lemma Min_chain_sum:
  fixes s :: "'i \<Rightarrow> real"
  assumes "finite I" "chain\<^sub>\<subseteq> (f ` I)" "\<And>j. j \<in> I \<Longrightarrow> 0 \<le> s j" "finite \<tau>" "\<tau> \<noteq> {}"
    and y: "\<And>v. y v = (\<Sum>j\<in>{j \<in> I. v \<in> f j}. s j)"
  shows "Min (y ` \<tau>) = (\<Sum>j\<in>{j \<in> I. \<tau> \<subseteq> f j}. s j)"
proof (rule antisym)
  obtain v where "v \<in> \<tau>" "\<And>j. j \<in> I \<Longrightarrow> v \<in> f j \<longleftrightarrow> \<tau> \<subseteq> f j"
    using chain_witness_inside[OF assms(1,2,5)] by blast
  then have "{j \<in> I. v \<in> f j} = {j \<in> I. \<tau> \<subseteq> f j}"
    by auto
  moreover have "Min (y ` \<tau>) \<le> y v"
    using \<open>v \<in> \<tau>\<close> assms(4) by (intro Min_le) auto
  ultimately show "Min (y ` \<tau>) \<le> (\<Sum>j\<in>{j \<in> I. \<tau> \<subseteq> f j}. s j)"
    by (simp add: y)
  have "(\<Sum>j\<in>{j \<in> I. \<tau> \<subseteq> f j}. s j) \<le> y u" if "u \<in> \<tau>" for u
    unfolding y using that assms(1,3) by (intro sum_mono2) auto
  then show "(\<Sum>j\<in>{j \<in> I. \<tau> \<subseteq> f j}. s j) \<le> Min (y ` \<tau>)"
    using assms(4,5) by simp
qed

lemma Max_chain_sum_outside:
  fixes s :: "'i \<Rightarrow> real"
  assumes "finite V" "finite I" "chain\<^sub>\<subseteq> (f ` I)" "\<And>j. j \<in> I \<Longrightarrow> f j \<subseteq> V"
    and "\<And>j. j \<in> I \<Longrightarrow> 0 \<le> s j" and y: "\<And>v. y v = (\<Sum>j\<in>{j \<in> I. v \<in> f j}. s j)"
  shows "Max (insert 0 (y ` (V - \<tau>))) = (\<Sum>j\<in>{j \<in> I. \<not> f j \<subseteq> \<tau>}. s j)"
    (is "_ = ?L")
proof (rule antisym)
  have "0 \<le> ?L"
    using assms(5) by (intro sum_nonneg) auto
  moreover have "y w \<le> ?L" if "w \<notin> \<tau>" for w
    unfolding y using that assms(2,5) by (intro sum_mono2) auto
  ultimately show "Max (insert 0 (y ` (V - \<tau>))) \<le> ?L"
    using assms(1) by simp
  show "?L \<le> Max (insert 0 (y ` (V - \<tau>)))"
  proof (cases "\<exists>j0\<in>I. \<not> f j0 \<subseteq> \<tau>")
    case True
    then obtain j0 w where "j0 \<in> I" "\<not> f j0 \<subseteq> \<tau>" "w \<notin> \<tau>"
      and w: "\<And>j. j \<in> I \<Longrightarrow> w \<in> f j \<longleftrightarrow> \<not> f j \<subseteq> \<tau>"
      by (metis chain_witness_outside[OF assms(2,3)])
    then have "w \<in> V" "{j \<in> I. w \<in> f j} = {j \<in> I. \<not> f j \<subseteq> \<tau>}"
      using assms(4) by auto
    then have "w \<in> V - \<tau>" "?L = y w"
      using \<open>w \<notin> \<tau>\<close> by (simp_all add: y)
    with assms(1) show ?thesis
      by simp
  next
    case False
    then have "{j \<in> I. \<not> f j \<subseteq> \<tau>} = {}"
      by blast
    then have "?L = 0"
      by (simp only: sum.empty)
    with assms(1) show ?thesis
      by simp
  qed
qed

■ ■ ■ ■ ■

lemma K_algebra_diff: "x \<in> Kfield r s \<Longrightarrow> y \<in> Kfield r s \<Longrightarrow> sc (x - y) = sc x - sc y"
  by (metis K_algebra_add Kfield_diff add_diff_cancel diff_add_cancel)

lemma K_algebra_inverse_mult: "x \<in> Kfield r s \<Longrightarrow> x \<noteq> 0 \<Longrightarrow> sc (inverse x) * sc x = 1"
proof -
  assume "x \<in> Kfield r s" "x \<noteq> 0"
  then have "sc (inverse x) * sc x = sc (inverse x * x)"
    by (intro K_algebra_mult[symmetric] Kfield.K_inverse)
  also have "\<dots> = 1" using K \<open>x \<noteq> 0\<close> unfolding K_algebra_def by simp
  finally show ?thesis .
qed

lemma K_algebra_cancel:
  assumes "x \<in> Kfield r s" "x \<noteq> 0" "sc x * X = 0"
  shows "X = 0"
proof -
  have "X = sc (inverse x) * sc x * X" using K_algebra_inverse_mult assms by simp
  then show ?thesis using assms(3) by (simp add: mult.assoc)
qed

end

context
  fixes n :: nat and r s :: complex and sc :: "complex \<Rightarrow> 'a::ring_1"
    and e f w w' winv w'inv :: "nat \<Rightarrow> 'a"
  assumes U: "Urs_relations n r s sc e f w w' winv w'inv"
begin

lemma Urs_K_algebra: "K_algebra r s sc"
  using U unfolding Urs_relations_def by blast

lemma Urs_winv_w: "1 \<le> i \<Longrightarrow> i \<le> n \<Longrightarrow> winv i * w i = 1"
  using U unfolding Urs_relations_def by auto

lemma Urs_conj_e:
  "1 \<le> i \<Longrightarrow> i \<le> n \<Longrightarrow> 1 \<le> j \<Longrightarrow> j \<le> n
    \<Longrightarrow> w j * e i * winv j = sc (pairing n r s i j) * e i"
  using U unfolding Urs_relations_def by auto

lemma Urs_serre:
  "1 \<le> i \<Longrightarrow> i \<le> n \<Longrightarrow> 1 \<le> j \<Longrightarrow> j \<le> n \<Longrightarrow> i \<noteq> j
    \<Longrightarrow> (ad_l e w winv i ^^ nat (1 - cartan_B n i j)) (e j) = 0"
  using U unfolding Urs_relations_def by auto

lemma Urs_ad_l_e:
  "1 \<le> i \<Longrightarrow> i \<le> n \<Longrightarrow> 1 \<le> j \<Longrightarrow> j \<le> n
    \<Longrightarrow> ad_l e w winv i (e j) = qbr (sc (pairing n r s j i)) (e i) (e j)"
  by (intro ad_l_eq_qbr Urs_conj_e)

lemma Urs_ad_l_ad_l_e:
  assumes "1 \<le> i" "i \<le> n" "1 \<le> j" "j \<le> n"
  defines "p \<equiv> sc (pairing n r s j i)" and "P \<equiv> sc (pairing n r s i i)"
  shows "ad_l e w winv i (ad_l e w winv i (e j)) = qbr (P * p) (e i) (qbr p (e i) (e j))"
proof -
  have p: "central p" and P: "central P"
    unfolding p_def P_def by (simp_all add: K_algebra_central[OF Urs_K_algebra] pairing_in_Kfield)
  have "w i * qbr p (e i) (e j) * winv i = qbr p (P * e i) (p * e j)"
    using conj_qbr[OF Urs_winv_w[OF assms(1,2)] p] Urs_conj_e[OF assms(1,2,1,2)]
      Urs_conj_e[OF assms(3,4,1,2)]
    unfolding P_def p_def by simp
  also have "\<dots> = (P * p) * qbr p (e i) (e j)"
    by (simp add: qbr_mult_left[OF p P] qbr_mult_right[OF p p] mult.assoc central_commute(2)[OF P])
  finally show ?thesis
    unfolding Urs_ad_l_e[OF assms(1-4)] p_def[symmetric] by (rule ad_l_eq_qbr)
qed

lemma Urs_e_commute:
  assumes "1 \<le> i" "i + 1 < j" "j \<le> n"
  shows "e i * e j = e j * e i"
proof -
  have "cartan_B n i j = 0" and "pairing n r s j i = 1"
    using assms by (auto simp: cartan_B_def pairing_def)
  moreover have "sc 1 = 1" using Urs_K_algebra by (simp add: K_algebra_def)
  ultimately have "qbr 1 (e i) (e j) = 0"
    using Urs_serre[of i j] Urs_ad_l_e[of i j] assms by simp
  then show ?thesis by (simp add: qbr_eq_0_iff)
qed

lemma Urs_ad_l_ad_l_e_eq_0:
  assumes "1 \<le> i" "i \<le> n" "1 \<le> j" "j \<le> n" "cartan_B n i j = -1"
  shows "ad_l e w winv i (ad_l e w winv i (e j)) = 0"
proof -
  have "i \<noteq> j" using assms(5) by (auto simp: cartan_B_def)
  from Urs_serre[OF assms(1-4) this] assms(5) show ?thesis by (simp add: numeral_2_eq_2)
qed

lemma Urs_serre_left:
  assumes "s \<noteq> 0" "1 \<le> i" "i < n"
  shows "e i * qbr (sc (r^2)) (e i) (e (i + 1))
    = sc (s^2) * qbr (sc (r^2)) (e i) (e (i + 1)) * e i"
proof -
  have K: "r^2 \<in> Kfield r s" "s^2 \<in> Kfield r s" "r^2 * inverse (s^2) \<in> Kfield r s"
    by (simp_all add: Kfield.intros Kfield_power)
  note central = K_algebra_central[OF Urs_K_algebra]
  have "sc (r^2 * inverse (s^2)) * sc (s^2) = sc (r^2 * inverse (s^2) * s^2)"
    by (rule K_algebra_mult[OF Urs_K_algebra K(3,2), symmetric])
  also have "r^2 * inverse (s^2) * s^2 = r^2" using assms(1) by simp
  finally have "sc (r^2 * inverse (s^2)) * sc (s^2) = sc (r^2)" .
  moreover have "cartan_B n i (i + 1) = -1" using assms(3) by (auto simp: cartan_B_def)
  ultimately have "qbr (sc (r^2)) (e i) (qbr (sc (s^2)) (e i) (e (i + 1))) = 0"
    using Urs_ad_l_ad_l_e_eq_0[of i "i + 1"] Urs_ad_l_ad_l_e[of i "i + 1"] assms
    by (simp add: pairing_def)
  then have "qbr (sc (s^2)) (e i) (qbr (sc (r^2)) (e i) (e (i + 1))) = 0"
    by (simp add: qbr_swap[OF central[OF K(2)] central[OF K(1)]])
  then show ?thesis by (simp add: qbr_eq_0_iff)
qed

■ ■ ■ ■ ■

* _What you will do_:
Search the listing for the string "assoc". Copy each line where it turns up.

* _Answer space_:
  then show ?thesis using assms(3) by (simp add: mult.assoc)
    by (simp add: qbr_mult_left[OF p P] qbr_mult_right[OF p p] mult.assoc central_commute(2)[OF P])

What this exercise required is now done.